Each year, some of our fellows bring their own funding support, through means such as a grant, a scholarship, sabbatical, or the like. Over the course of the 2024-2025 academic year, people whose fellowships are externally funded will have the opportunity to request up to $5,000 from the Center to cover costs incurred for their fellowship research and travel costs for presentations/conferences related to their fellowship research. Unlike individuals in the categories above, the stipend amount is not fixed but dependent on the actual cost incurred and may only be applied to research-related costs.

Some important formalities: please note that fellowships through this open call are not considered employment, and fellows will not be entitled to severance pay or layoff benefits upon culmination of the fellowship. 

If one is based in the United States but is not a United States citizen or Lawful Permanent Resident (“green card” holder), one’s immigration status must allow for the receipt of a fellowship stipend.

Fellows are responsible for tax reporting on their stipends.

More information about fellowship stipends issued through Harvard University may be found here.

Time Commitment: The 2024-2025 fellowship program will run from September 1, 2024–August 31, 2025. Fellows are expected to be free of the majority of their regular commitments so that they may fully devote themselves to the work outlined in their application, though we recognize that fellows bringing their own funding might have specific commitments due to their funding arrangements, and that those pursuing a PhD will participate in the activities of their academic programs.

Location: 2024-2025 fellows will be required to be in Cambridge, MA from September 2024–May 2025. During the time spent in Cambridge, they will primarily work from the Harvard University campus and the Berkman Klein Center offices. We welcome fellows to spend the summer months—June, July, and August 2025—at the Center, but this is not required for the program.


Applications will be accepted until Monday, January 22, 2024, at 11:59pm Eastern Time.

Applications will be submitted online through the Berkman Klein Application Tracker at: http://brk.mn/2425apply.

Instructions for creating an account and submitting an application through BKC’s Application Tracker may be found here.

PDF attachments you will be required to upload include the following. Please consider this information carefully and ensure your attachments meet these requirements:

  • A current resume or C.V.
  • A personal statement that responds to the following questions.

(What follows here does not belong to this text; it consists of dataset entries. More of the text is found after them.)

(* Let $n\ge 3$ and let $H$ be a $3$-uniform hypergraph on $[n]$ such that every $4$-subset of $[n]$ contains an edge of $H$. Then $|\{F\in H^{<_L}: 1\in F\}|\ge\binom{n-2}{2}$, where $H^{<_L}$ is the exterior shifting of $H$ with respect to the lexicographic order.
   Context: The lexicographic order $<_L$ on $\binom{[n]}{3}$: $S<_L T$ iff $\min(S\triangle T)\in S$. Let $X=(x_{ij})$ be an $n\times n$ matrix of independent indeterminates over $\mathbb{Q}$ and $C_3(X)$ its third compound matrix, with entries $c_{S,T}=\det(x_{ij})_{i\in S,j\in T}$ for $3$-subsets $S,T$. The exterior shifting $H^{<_L}$ is obtained by going through $\binom{[n]}{3}$ in increasing $<_L$ order and selecting $S$ iff the row of $C_3(X)$ indexed by $S$, restricted to the columns indexed by $H$, is linearly independent over $\mathbb{Q}(x_{ij})$ of the previously selected rows. Equivalently, the claim says the submatrix of $C_3(X)$ with rows indexed by the $3$-subsets containing $1$ and columns indexed by $H$ has rank at least $\binom{n-2}{2}$. *)

theory Defs
  imports "HOL-Library.Poly_Mapping" "HOL-Library.Product_Lexorder"
          "HOL-Computational_Algebra.Fraction_Field"
          "Jordan_Normal_Form.Determinant"
begin

(* Polynomial ring Q[x_ij] : monomials are finitely supported exponent maps on
   variable indices (i,j); polynomials are finitely supported coefficient maps. *)
type_synonym qpoly = "((nat \<times> nat) \<Rightarrow>\<^sub>0 nat) \<Rightarrow>\<^sub>0 rat"

type_synonym qfun = "qpoly fract"

definition xvar :: "nat \<Rightarrow> nat \<Rightarrow> qfun" where
  "xvar i j = Fract (Poly_Mapping.single (Poly_Mapping.single (i, j) 1) 1) 1"

(* entry c_{S,T} of the third compound matrix C_3(X): the minor of X with rows S
   and columns T, both listed increasingly *)
definition compound3 :: "nat set \<Rightarrow> nat set \<Rightarrow> qfun" where
  "compound3 S T =
     (let s = sorted_list_of_set S; t = sorted_list_of_set T
      in det (mat 3 3 (\<lambda>(a, b). xvar (s ! a) (t ! b))))"

definition lexless :: "nat set \<Rightarrow> nat set \<Rightarrow> bool" where
  "lexless S T \<longleftrightarrow> S \<noteq> T \<and> Min ((S - T) \<union> (T - S)) \<in> S"

definition triples :: "nat \<Rightarrow> nat set set" where
  "triples n = {S. S \<subseteq> {1..n} \<and> card S = 3}"

(* the row of C_3(X) indexed by S, restricted to the columns in H, is linearly
   independent over Q(x_ij) of the rows indexed by Sel (restricted to H) *)
definition row_indep :: "nat set set \<Rightarrow> nat set set \<Rightarrow> nat set \<Rightarrow> bool" where
  "row_indep H Sel S \<longleftrightarrow>
     \<not> (\<exists>coef :: nat set \<Rightarrow> qfun.
          \<forall>T\<in>H. compound3 S T = (\<Sum>S'\<in>Sel. coef S' * compound3 S' T))"

fun greedy :: "nat set set \<Rightarrow> nat set set \<Rightarrow> nat set list \<Rightarrow> nat set set" where
  "greedy H Sel [] = Sel"
| "greedy H Sel (S # Ss) = greedy H (if row_indep H Sel S then insert S Sel else Sel) Ss"

definition lex_list :: "nat \<Rightarrow> nat set list" where
  "lex_list n = (SOME L. distinct L \<and> set L = triples n \<and> sorted_wrt lexless L)"

definition ext_shift_lex :: "nat \<Rightarrow> nat set set \<Rightarrow> nat set set" where
  "ext_shift_lex n H = greedy H {} (lex_list n)"

end

theory Submission
  imports Defs "Subresultants.More_Homomorphisms"
begin

text \<open>
  The rows of \<open>C\<^sub>3(X)\<close> indexed by triples through 1 come first in the lexicographic order,
  so the triples through 1 selected by the shifting span all these rows (restricted to the
  columns of \<open>H\<close>). It therefore suffices to find a nonsingular square submatrix of size
  \<open>(n-2 choose 2)\<close> with such rows. Take rows \<open>{1} \<union> p\<close> for pairs \<open>p \<subseteq> [2,n]\<close> and columns
  edges \<open>e \<supseteq> p\<close> of \<open>H\<close>, ordered so that no pair lies in an earlier edge. Specializing
  \<open>x\<^sub>1\<^sub>j = x\<^sub>j\<^sub>j = 1\<close> and all other variables to 0 makes \<open>c\<^bsub>{1,a,b},T\<^esub>\<close> nonzero exactly
  when \<open>{a,b} \<subseteq> T\<close>, so the specialized submatrix is triangular with nonzero diagonal.

  The pairs and edges are built by induction on the number of vertices. The 4-set condition
  provides a vertex \<open>u \<noteq> 1\<close> whose link graph has at most two components, one containing 1;
  a breadth-first enumeration of that link from the two roots contributes \<open>|U| - 3\<close> new pairs
  \<open>{b, u}\<close> with edges \<open>{parent b, b, u}\<close>, and \<open>(m-1 choose 2) + (m-1) = (m choose 2)\<close>.
\<close>

section \<open>Hypergraphs in which every 4-set contains an edge\<close>

definition every_4set_has_edge :: "'a set set \<Rightarrow> 'a set \<Rightarrow> bool" where
  "every_4set_has_edge H U \<longleftrightarrow> (\<forall>A. A \<subseteq> U \<and> card A = 4 \<longrightarrow> (\<exists>F\<in>H. F \<subseteq> A))"

lemma every_4set_has_edge_mono:
  "every_4set_has_edge H U \<Longrightarrow> U' \<subseteq> U \<Longrightarrow> every_4set_has_edge H U'"
  unfolding every_4set_has_edge_def by blast

lemma triple_in_edges_if_others_not:
  assumes cover: "every_4set_has_edge H U" and unif: "\<forall>F\<in>H. card F = 3"
    and U: "{p, q, r, s} \<subseteq> U" "distinct [p, q, r, s]"
    and not_edges: "{p, q, r} \<notin> H" "{p, q, s} \<notin> H" "{p, r, s} \<notin> H"
  shows "{q, r, s} \<in> H"
proof -
  let ?A = "{p, q, r, s}"
  have "card ?A = 4" using U(2) by simp
  then obtain F where F: "F \<in> H" "F \<subseteq> ?A" using cover U(1) unfolding every_4set_has_edge_def by blast
  then have "card F = 3" using unif by blast
  then have "F \<noteq> ?A" using \<open>card ?A = 4\<close> by auto
  then obtain w where w: "w \<in> ?A" "w \<notin> F" using F(2) by blast
  then have "F = ?A - {w}"
    using F(2) \<open>card ?A = 4\<close> \<open>card F = 3\<close> by (intro card_subset_eq) auto
  then show ?thesis using w(1) F(1) not_edges U(2) by (auto simp: insert_Diff_if insert_commute)
qed

definition link_edge :: "'a set set \<Rightarrow> 'a set \<Rightarrow> 'a \<Rightarrow> 'a \<Rightarrow> 'a \<Rightarrow> bool" where
  "link_edge H U u x y \<longleftrightarrow> x \<in> U \<and> y \<in> U \<and> x \<noteq> u \<and> y \<noteq> u \<and> x \<noteq> y \<and> {x, y, u} \<in> H"

lemma link_reach_if_edge:
  "{x, y, u} \<in> H \<Longrightarrow> x \<in> U \<Longrightarrow> y \<in> U \<Longrightarrow> x \<noteq> u \<Longrightarrow> y \<noteq> u \<Longrightarrow> (link_edge H U u)\<^sup>*\<^sup>* x y"
  by (cases "x = y") (auto simp: link_edge_def)

lemma not_edge_if_not_link_reach:
  "\<not> (link_edge H U u)\<^sup>*\<^sup>* a b \<Longrightarrow> a \<in> U \<Longrightarrow> b \<in> U \<Longrightarrow> a \<noteq> u \<Longrightarrow> b \<noteq> u \<Longrightarrow> {u, a, b} \<notin> H"
  using link_reach_if_edge[of a b u H U] by (auto simp: insert_commute)

lemma link_reach_if_triples_not_edges:
  assumes "every_4set_has_edge H U" "\<forall>F\<in>H. card F = 3"
    and "{u, x, a, b} \<subseteq> U" "distinct [u, x, a, b]"
    and "{u, x, a} \<notin> H" "{u, x, b} \<notin> H" "{u, a, b} \<notin> H"
  shows "(link_edge H U x)\<^sup>*\<^sup>* a b"
proof -
  have "{x, a, b} \<in> H" using triple_in_edges_if_others_not[OF assms] .
  then show ?thesis using assms(3,4) by (intro link_reach_if_edge) (auto simp: insert_commute)
qed

text \<open>If \<open>x\<close> and \<open>y\<close> lie in different components of the link of \<open>u\<close>, then switching to the
  link of \<open>x\<close> merges everything into the components of \<open>v\<close> and \<open>u\<close>: every 4-set \<open>{u, x, a, b}\<close>
  whose triples through \<open>u\<close> are not edges forces the edge \<open>{x, a, b}\<close>.\<close>

lemma link_reach_two_roots_switch:
  assumes cover: "every_4set_has_edge H U" and unif: "\<forall>F\<in>H. card F = 3"
    and U: "{v, u, x, y} \<subseteq> U" "distinct [v, u, x, y]"
    and apart: "\<not> (link_edge H U u)\<^sup>*\<^sup>* v x" "\<not> (link_edge H U u)\<^sup>*\<^sup>* v y"
      "\<not> (link_edge H U u)\<^sup>*\<^sup>* x y"
    and z: "z \<in> U - {x}"
  shows "(link_edge H U x)\<^sup>*\<^sup>* v z \<or> (link_edge H U x)\<^sup>*\<^sup>* u z"
proof -
  let ?R = "(link_edge H U u)\<^sup>*\<^sup>*" and ?S = "(link_edge H U x)\<^sup>*\<^sup>*"
  note forced = link_reach_if_triples_not_edges[OF cover unif]
  have vx: "{u, x, v} \<notin> H" and xy: "{u, x, y} \<notin> H" and vy: "{u, v, y} \<notin> H"
    using not_edge_if_not_link_reach[OF apart(1)] not_edge_if_not_link_reach[OF apart(3)]
      not_edge_if_not_link_reach[OF apart(2)] U by (auto simp: insert_commute)
  have "?S v y" using forced[OF _ _ vx xy vy] U by (auto simp: insert_commute)
  then have via_y: "?S v b" if "?S y b" for b using that rtranclp_trans by metis
  show ?thesis
  proof (cases "z \<in> {v, u, y}")
    case True
    then show ?thesis using \<open>?S v y\<close> by auto
  next
    case False
    then have z': "z \<in> U" "distinct [u, x, y, z]" "distinct [u, x, v, z]" using z U by auto
    have xz: "{u, x, z} \<notin> H" if "\<not> ?R x z"
      using not_edge_if_not_link_reach[OF that] U z' by auto
    have yz: "{u, y, z} \<notin> H" if "\<not> ?R z y"
      using not_edge_if_not_link_reach[OF that] U z' by (auto simp: insert_commute)
    consider "?R x z" "{u, x, z} \<in> H" | "?R x z" "{u, x, z} \<notin> H" | "\<not> ?R x z" "?R v z"
      | "\<not> ?R x z" "\<not> ?R v z" by blast
    then show ?thesis
    proof cases
      case 1
      then have "?S u z" using U z' link_reach_if_edge[of u z x H U] by (auto simp: insert_commute)
      then show ?thesis by blast
    next
      case 2
      then have "\<not> ?R z y" using apart(3) rtranclp_trans by metis
      then show ?thesis using forced[OF _ _ xy 2(2) yz] U z' via_y by simp
    next
      case 3
      then have "\<not> ?R z y" using apart(2) rtranclp_trans by metis
      then show ?thesis using forced[OF _ _ xy xz[OF 3(1)] yz] U z' via_y by simp
    next
      case 4
      then have "{u, v, z} \<notin> H" using not_edge_if_not_link_reach[of H U u v z] U z' by auto
      then show ?thesis using forced[OF _ _ vx xz[OF 4(1)]] U z' by simp
    qed
  qed
qed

Responses to each question should be between 250-500 words; the personal statement should not exceed 1500 words total.
    • What is the research you propose to conduct during a fellowship year? Please
      • describe the problems are you trying to solve;
      • outline the methods which might inform your research; and
      • tell us about the public interest and/or the communities you aim to serve through your work.
    • Why is the Berkman Klein Center the right place for you to do this work? Please share thoughts on:
      • what kinds of activities you would conduct to engage other fellows and the broader BKC community;
      • how the opportunity to engage colleagues from different backgrounds—with a range of experiences and training in disciplines unfamiliar to you—might stimulate your work; and
      • the skills, connections, and insights you are uniquely suited to contribute to the Center’s community and activities.
    • How does your personal background inform and influence your research?
  • A PDF of 1-3 work samples for a public audience, such as articles, op-eds, events, etc. Ideally, these should connect to the project proposal in some way, or help to demonstrate the feasibility of the project proposal. Please submit these samples as one combined PDF. Do not include more than three samples; we will only review the first three samples.